Work item -> Copy each line of the records that includes "imports".

--- Records shown Enclosed Below ---

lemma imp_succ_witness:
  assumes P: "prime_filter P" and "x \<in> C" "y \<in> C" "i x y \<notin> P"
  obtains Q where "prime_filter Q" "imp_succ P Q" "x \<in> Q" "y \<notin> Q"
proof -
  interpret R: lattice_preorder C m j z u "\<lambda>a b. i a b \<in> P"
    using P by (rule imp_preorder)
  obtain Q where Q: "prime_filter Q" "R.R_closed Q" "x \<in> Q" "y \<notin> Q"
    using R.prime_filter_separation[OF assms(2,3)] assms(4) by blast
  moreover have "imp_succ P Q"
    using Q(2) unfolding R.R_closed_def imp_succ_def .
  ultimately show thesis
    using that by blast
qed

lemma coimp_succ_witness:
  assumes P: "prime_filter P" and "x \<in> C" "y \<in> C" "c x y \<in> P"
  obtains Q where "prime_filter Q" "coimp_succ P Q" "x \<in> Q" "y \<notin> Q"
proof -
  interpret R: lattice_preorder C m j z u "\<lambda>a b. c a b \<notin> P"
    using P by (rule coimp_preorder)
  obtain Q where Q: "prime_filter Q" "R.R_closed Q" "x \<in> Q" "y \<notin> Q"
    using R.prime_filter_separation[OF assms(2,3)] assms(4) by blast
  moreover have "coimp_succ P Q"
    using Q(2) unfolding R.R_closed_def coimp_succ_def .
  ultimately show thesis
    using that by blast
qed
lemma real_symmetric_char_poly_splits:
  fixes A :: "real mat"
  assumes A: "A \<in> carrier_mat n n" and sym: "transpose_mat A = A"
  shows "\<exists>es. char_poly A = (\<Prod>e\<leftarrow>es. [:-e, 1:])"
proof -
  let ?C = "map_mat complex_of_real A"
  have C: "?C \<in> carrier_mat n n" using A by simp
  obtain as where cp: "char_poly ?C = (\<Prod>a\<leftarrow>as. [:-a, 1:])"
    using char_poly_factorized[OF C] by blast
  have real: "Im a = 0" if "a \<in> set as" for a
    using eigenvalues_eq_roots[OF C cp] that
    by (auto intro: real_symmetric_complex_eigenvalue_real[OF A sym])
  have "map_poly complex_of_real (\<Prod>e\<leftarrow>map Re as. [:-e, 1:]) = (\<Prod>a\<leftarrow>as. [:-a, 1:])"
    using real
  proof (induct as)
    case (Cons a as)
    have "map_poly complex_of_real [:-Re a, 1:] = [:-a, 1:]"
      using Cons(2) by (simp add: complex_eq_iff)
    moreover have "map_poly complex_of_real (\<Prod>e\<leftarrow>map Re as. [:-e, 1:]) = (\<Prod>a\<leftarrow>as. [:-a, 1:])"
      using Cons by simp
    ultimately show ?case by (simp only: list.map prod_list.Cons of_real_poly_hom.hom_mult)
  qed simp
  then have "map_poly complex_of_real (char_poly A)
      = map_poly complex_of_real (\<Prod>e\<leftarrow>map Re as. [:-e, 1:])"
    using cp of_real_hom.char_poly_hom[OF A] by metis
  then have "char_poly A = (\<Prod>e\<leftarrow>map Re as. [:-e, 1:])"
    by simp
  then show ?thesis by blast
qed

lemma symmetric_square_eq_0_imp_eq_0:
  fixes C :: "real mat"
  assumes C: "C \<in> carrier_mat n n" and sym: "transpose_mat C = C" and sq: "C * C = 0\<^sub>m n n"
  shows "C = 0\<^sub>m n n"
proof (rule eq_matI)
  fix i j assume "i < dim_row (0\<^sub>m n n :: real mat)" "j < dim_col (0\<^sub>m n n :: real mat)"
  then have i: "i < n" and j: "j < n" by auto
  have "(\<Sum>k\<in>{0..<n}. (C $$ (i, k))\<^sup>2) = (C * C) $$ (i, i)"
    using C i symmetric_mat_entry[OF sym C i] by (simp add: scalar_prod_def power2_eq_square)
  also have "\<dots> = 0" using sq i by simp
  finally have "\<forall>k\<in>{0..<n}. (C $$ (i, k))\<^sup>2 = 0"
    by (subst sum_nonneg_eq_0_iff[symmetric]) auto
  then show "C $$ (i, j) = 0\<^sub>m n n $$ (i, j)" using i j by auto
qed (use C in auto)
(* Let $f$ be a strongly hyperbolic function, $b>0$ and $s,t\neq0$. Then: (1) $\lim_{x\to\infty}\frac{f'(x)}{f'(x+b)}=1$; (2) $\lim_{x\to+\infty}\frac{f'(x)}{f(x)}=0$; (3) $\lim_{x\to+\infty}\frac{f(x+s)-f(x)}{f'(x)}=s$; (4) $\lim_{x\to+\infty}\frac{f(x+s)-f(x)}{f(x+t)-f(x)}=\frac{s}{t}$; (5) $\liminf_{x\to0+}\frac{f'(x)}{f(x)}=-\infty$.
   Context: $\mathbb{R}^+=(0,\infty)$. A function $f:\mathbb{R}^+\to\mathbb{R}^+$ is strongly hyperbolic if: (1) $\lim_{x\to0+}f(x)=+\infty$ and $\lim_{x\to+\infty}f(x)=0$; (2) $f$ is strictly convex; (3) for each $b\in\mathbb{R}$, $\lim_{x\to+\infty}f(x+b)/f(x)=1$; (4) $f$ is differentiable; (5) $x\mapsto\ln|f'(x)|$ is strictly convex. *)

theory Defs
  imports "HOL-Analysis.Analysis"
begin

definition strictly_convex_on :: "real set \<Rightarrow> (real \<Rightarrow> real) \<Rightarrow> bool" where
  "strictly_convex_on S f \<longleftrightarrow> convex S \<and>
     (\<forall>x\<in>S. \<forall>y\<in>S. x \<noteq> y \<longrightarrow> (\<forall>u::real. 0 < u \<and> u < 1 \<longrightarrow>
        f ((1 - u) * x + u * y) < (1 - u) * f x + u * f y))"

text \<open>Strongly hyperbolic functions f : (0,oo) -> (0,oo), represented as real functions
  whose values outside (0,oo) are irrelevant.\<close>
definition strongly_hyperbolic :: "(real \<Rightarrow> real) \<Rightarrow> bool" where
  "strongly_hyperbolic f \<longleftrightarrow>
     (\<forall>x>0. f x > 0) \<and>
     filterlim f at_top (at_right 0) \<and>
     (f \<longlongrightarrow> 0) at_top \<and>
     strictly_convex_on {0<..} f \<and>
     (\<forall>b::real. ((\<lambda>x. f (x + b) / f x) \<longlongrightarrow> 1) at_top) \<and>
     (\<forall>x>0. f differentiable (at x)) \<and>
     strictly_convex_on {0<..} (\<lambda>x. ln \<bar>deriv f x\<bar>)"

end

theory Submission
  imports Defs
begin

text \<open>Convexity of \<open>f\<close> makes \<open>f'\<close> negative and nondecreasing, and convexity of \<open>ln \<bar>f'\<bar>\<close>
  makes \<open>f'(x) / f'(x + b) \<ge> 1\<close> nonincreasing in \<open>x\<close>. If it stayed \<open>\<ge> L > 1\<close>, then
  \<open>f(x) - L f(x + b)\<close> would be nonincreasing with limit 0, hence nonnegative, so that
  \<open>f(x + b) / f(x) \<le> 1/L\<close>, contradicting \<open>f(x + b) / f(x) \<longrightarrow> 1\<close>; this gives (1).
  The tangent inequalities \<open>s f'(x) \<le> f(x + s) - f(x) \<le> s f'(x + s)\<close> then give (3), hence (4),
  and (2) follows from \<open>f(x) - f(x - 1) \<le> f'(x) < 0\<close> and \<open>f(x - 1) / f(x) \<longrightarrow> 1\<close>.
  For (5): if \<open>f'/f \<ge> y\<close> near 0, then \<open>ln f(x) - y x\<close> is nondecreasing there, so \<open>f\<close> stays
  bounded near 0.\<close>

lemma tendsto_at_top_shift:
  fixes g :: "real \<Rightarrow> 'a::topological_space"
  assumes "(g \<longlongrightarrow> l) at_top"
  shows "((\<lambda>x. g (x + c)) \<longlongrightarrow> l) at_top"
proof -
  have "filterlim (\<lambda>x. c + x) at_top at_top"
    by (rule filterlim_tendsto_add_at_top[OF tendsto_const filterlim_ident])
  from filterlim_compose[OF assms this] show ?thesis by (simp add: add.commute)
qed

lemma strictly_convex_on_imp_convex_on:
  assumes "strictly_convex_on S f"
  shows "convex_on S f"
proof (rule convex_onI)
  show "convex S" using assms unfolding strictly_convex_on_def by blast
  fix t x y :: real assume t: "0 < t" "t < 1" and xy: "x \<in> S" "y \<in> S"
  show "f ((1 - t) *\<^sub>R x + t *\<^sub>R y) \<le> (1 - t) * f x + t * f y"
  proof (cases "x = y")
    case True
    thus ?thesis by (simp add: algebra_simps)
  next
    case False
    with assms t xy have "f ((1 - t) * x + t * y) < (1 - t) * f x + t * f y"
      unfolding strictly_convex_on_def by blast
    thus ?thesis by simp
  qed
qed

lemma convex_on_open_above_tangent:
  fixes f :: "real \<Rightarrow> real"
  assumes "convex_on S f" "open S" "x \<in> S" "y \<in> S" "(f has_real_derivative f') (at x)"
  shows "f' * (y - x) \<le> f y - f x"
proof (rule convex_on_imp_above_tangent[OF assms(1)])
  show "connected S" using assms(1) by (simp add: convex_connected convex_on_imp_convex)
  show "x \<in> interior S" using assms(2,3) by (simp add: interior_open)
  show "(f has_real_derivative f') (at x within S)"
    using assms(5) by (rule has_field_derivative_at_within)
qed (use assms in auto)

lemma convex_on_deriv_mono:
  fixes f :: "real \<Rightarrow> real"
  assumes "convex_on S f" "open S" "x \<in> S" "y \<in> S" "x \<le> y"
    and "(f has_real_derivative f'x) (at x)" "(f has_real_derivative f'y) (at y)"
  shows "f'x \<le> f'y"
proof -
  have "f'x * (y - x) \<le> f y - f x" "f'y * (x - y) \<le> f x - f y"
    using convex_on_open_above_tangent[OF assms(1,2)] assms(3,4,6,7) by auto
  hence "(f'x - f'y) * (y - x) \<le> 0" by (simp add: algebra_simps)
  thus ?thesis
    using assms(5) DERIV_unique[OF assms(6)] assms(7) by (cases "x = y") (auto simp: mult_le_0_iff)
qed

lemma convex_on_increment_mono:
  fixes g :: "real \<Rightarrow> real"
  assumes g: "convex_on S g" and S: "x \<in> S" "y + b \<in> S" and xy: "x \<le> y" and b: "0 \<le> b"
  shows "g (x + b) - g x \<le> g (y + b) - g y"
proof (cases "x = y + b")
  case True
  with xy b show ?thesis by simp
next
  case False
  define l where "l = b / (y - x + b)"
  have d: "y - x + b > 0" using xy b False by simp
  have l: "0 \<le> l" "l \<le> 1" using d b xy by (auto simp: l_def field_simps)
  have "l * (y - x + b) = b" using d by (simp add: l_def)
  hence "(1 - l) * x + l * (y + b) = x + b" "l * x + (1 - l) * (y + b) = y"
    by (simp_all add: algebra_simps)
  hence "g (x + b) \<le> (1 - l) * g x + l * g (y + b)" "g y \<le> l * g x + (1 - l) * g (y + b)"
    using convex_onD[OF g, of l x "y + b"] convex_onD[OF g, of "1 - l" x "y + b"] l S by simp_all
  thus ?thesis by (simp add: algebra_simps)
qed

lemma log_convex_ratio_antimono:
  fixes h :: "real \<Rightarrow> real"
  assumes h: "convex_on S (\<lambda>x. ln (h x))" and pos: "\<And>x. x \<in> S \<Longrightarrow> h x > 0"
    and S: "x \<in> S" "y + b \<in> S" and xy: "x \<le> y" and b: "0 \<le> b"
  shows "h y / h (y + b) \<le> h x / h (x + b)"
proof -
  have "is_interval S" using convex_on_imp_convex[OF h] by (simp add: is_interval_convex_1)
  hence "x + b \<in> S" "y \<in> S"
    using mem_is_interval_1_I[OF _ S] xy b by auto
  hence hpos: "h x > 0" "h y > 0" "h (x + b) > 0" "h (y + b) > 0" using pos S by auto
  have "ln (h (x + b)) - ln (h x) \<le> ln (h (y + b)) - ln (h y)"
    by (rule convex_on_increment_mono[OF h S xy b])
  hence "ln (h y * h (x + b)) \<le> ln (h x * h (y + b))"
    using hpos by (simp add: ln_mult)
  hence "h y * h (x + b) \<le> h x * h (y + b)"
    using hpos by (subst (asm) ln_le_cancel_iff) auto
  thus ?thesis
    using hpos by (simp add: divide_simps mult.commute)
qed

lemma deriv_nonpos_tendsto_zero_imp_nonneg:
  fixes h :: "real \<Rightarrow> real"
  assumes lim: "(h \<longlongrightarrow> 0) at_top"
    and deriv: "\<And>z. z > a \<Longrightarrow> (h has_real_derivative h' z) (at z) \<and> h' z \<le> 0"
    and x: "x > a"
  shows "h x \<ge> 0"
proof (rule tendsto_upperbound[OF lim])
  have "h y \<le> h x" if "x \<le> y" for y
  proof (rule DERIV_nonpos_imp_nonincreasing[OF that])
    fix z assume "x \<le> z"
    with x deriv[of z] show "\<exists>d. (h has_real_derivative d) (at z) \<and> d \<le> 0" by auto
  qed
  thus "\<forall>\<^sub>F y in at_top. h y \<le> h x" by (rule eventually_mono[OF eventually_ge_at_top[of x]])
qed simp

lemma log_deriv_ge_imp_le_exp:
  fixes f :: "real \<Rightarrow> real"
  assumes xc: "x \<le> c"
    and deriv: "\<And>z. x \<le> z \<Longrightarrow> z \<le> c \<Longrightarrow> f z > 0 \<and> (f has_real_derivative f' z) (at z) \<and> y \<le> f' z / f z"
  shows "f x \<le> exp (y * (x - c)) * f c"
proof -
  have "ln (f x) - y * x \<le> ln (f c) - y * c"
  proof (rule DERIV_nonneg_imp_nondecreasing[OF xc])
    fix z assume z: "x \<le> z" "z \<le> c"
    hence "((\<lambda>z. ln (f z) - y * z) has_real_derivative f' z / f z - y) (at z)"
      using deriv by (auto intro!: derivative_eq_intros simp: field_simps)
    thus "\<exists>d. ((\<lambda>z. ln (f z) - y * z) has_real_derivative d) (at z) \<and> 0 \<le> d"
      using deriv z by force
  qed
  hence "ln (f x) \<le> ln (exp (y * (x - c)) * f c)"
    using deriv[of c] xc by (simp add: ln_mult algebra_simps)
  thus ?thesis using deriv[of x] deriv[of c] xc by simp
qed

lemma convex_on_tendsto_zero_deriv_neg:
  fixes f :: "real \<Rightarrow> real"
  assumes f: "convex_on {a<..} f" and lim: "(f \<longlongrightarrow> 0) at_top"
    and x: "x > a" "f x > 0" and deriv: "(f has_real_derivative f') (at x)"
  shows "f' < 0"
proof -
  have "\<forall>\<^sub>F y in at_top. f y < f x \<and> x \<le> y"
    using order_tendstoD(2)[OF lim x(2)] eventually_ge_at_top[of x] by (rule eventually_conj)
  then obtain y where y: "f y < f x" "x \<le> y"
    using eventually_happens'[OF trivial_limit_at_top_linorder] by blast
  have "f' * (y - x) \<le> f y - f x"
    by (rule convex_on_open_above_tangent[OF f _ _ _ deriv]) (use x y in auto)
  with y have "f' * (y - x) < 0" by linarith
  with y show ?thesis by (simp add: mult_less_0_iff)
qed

--- End of Enclosed Records shown ---

The answer ->
  imports "HOL-Analysis.Analysis"
  imports Defs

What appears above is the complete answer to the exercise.